BEGIN RECORDS SUPPLIED

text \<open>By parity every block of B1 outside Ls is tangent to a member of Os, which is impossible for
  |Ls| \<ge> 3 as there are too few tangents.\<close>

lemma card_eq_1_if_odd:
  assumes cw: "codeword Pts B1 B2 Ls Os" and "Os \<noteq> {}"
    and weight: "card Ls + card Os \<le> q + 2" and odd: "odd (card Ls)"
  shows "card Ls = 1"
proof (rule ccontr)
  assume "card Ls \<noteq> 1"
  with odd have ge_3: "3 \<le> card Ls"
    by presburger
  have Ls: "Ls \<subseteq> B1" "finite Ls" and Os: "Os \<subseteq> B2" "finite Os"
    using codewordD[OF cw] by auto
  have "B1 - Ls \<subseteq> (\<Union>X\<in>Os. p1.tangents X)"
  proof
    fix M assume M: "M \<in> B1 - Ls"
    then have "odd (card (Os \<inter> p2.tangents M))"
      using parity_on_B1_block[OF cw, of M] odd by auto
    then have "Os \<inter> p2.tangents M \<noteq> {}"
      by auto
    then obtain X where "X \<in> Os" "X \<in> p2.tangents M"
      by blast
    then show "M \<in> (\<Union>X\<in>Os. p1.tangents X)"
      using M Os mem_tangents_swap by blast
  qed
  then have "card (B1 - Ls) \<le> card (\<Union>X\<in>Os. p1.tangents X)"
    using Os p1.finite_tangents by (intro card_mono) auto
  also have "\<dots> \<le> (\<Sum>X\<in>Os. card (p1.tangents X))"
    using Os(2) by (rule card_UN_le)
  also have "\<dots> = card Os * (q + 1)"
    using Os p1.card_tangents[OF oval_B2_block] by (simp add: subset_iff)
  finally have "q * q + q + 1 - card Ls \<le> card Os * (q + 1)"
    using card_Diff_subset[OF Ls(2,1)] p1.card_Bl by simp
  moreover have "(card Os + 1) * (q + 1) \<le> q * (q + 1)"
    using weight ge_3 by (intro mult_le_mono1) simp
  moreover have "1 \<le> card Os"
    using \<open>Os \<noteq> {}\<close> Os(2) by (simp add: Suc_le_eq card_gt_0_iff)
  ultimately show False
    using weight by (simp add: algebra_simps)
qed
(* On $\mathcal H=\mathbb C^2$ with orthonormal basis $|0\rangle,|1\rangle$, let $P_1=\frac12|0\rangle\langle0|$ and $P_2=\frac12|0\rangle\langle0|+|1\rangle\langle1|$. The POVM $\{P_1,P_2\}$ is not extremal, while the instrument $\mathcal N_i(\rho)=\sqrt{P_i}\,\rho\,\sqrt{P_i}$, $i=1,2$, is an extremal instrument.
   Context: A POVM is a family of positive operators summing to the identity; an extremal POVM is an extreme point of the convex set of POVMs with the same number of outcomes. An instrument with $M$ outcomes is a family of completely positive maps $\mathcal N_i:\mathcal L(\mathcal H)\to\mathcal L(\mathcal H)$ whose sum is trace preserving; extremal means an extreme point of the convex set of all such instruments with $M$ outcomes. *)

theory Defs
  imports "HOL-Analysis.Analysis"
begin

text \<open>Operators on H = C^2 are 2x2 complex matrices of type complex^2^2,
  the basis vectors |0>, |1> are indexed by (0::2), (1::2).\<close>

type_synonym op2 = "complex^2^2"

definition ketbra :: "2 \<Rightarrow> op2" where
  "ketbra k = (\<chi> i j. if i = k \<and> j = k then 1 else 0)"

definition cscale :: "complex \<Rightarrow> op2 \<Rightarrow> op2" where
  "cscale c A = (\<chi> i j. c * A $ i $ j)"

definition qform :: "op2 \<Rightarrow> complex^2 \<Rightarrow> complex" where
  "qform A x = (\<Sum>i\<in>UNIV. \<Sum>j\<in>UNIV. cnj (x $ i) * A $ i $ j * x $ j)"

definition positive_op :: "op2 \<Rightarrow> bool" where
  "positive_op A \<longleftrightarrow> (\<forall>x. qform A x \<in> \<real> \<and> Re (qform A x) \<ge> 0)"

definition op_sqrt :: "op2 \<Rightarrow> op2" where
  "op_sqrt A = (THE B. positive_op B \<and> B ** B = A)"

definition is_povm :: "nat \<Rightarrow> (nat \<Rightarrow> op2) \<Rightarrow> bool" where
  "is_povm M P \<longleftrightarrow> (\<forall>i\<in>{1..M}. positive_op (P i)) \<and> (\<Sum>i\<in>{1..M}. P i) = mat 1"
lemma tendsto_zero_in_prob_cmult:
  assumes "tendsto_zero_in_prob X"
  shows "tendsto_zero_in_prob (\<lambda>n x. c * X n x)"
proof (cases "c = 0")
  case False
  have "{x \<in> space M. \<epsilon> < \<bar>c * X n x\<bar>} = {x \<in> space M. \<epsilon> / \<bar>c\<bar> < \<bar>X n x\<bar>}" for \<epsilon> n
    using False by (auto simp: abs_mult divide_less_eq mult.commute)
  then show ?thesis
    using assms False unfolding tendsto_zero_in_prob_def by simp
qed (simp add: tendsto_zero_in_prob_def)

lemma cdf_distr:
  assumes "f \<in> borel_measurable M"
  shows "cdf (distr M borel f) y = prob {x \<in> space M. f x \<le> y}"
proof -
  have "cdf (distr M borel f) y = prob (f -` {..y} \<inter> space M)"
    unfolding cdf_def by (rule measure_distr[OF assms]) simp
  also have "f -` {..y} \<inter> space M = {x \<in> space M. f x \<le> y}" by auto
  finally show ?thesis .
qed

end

END RECORDS SUPPLIED

ABOUT THIS EXERCISE: Above are the records; copy exactly the lines from the line with "qed (simp add: tendsto_zero_in_prob_def)" through the line with "unfolding cdf_def by", both included.

EXERCISE OUTPUT:
qed (simp add: tendsto_zero_in_prob_def)

lemma cdf_distr:
  assumes "f \<in> borel_measurable M"
  shows "cdf (distr M borel f) y = prob {x \<in> space M. f x \<le> y}"
proof -
  have "cdf (distr M borel f) y = prob (f -` {..y} \<inter> space M)"
    unfolding cdf_def by (rule measure_distr[OF assms]) simp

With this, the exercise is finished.